While in this week`s primary in Pennsylavnia, the vast majority of Democrats said they would probably or definitely vote for Clinton in November if she`s the nominee, there are those, like actor George Takei who want to remind Democrats that Bernie or bust is a mistake.

Joining me now, actor and human rights activist George Takei.

Mr. Takei, you -- I feel like you have a sort of special vantage point to view the rise of Trump particularly as it looks like he is most likely the nominee. What have your feelings been as you`ve watched all this unfold?

GEORGE TAKEI, ACTOR: Well, it -- I think, you know, we all should support the candidate that we feel closest to. And in the primary, we need to support the candidate that we find to be the best one.

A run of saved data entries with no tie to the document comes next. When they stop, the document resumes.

(* Let $(G,\mathcal{C})$ be a 2-colored graph, $G=(V,E)$, and let $l,u:E\to\mathbb{N}$ satisfy $l(e)\le u(e)$ for all $e\in E$. If there exists a rational vector $x\in\mathcal{A}(G,\mathcal{C})$ with $l(e)\le x(e)\le u(e)$ for all $e\in E$, then there exists an integral vector $y\in\mathcal{A}(G,\mathcal{C})$ with $2l(e)\le y(e)\le 2u(e)$ for all $e\in E$.
   Context: Graphs are finite, undirected, may have parallel edges but no loops; $\mathcal{C}:E\to\{R,B\}$ is a red/blue edge coloring. The alternating cone $\mathcal{A}(G,\mathcal{C})\subseteq\mathbb{R}^E$ is the set of $x$ with $x(e)\ge0$ for all $e$ and, at every vertex $v$, the sum of $x(e)$ over red edges at $v$ equals the sum of $x(e)$ over blue edges at $v$. *)

theory Defs
  imports Complex_Main
begin

datatype color = Red | Blue

text \<open>A graph (V,E) with parallel edges allowed but no loops: edges are elements of
  an abstract type, each edge e has a set of endpoints ends e consisting of exactly
  two distinct vertices of V.\<close>
definition graph :: "'v set \<Rightarrow> 'e set \<Rightarrow> ('e \<Rightarrow> 'v set) \<Rightarrow> bool" where
  "graph V E ends \<longleftrightarrow> finite V \<and> finite E \<and> (\<forall>e\<in>E. ends e \<subseteq> V \<and> card (ends e) = 2)"

text \<open>Alternating cone; vectors in R^E are functions vanishing outside E.\<close>
definition alternating_cone ::
  "'v set \<Rightarrow> 'e set \<Rightarrow> ('e \<Rightarrow> 'v set) \<Rightarrow> ('e \<Rightarrow> color) \<Rightarrow> ('e \<Rightarrow> real) set" where
  "alternating_cone V E ends col =
     {x. (\<forall>e. e \<notin> E \<longrightarrow> x e = 0) \<and> (\<forall>e\<in>E. 0 \<le> x e) \<and>
         (\<forall>v\<in>V. (\<Sum>e\<in>{e\<in>E. v \<in> ends e \<and> col e = Red}. x e) =
                 (\<Sum>e\<in>{e\<in>E. v \<in> ends e \<and> col e = Blue}. x e))}"

end

theory Submission
  imports Defs
begin

text \<open>
  Split every edge e into its half-edges (e, v), v \<in> ends e, and let the half-edge (e, w) be an
  arc between the copies (w, True) and (w', False) of the ends of e, where w' is the other end:
  directed towards (w, True) if e is red and away from it if e is blue. Conservation at (v, True)
  and at (v, False) says that red and blue half-edges balance at v, for the halves at v and for
  the halves at the far ends; adding the two, the sums g (e, v) + g (e, w') of the halves of the
  edges form a point of the alternating cone. Conversely, a point x of the cone gives a
  circulation by putting x e on both halves of e. Passing to this bipartite double cover, where
  the alternating cone becomes a circulation cone, is what costs the factor 2.

  Circulations with integral bounds can be rounded to integral ones. Every node touched by an arc
  with fractional flow is touched by at least two of them, so these arcs touch at most as many
  nodes as there are such arcs, and the conservation laws at those nodes are dependent. Hence a
  nonzero circulation supported on the fractional arcs exists, and moving along it until some
  coordinate hits an integer makes one more arc integral while staying between floors and
  ceilings.
\<close>

lemma homogeneous_system_nontrivial_solution:
  fixes c :: "'n \<Rightarrow> 'i \<Rightarrow> real"
  assumes "finite P" "finite S" "card P < card S"
  shows "\<exists>d. (\<forall>i. i \<notin> S \<longrightarrow> d i = 0) \<and> (\<exists>i\<in>S. d i \<noteq> 0) \<and>
             (\<forall>n\<in>P. (\<Sum>i\<in>S. c n i * d i) = 0)"
  using assms
proof (induction P arbitrary: S c rule: finite_induct)
  case empty
  then obtain i0 where "i0 \<in> S" by fastforce
  then show ?case by (intro exI[of _ "\<lambda>i. of_bool (i = i0)"]) auto
next
  case (insert p P)
  show ?case
  proof (cases "\<forall>i\<in>S. c p i = 0")
    case True
    with insert have "card P < card S" by simp
    with insert.IH[OF insert.prems(1) this, of c] True show ?thesis by auto
  next
    case False
    then obtain a where a: "a \<in> S" "c p a \<noteq> 0" by blast
    \<comment> \<open>Gaussian elimination: use equation p to eliminate the unknown a from the others.\<close>
    define S' where "S' = S - {a}"
    define c' where "c' = (\<lambda>n i. c n i - c n a * c p i / c p a)"
    have "finite S'" "card P < card S'" using insert a by (auto simp: S'_def)
    from insert.IH[OF this, of c'] obtain d' where
      d': "\<forall>i. i \<notin> S' \<longrightarrow> d' i = 0" "\<exists>i\<in>S'. d' i \<noteq> 0"
        "\<forall>n\<in>P. (\<Sum>i\<in>S'. c' n i * d' i) = 0"
      by blast
    define d where "d = d'(a := - (\<Sum>i\<in>S'. c p i * d' i) / c p a)"
    have sum_S: "(\<Sum>i\<in>S. h i * d i) = h a * d a + (\<Sum>i\<in>S'. h i * d' i)" for h
    proof -
      have "(\<Sum>i\<in>S'. h i * d i) = (\<Sum>i\<in>S'. h i * d' i)"
        by (rule sum.cong) (auto simp: d_def S'_def)
      then show ?thesis using a insert.prems(1) by (simp add: S'_def sum.remove)
    qed
    have "(\<Sum>i\<in>S. c n i * d i) = 0" if "n \<in> insert p P" for n
    proof (cases "n = p")
      case True
      then show ?thesis using a by (simp only: sum_S) (simp add: d_def)
    next
      case False
      then have "0 = (\<Sum>i\<in>S'. c' n i * d' i)" using d'(3) that by simp
      also have "\<dots> = (\<Sum>i\<in>S'. c n i * d' i) - c n a / c p a * (\<Sum>i\<in>S'. c p i * d' i)"
        by (simp add: c'_def sum_subtractf sum_distrib_left algebra_simps)
      also have "\<dots> = (\<Sum>i\<in>S. c n i * d i)"
        using a by (simp only: sum_S) (simp add: d_def)
      finally show ?thesis by simp
    qed
    moreover have "\<forall>i. i \<notin> S \<longrightarrow> d i = 0" "\<exists>i\<in>S. d i \<noteq> 0"
      using d'(1,2) a by (auto simp: d_def S'_def)
    ultimately show ?thesis by blast
  qed
qed

definition incidence :: "('a \<Rightarrow> 'n) \<Rightarrow> ('a \<Rightarrow> 'n) \<Rightarrow> 'n \<Rightarrow> 'a \<Rightarrow> real" where
  "incidence tail head n a = of_bool (head a = n) - of_bool (tail a = n)"

definition circulation ::
  "'n set \<Rightarrow> 'a set \<Rightarrow> ('a \<Rightarrow> 'n) \<Rightarrow> ('a \<Rightarrow> 'n) \<Rightarrow> ('a \<Rightarrow> real) \<Rightarrow> bool" where
  "circulation N A tail head f \<longleftrightarrow> (\<forall>n\<in>N. (\<Sum>a\<in>A. incidence tail head n a * f a) = 0)"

And I respect Bernie`s supporters and libertarians and Green people, but when we get past the primary, I think we should start looking at the larger picture. We want -- well, we don`t want Donald Trump to be the president of the United States. And elections have consequences.

So we need to look at the common ground that we share and vote so that we as Democrats prevail.

Elections have consequences. And when you look beyond the November general election, then it`s a whole different America that we`re looking at. I want it to be the kind of America that I love and the largest common ground we share is as Americans. We don`t want a fearmonger, someone who wants to build walls on the southern border, ban Muslims, all the things that we don`t want our country to be.

I love America and I don`t want that to be the America that we`re going to be living in after November.

HAYES: There`s been a bunch of people writing recently about the way that they`ve experienced the democratic primary, those are folks who are on the center left, contention, arguments on Facebook, things like that. What has been your experience of it? Can you take me through your thinking as you`ve gone through this primary?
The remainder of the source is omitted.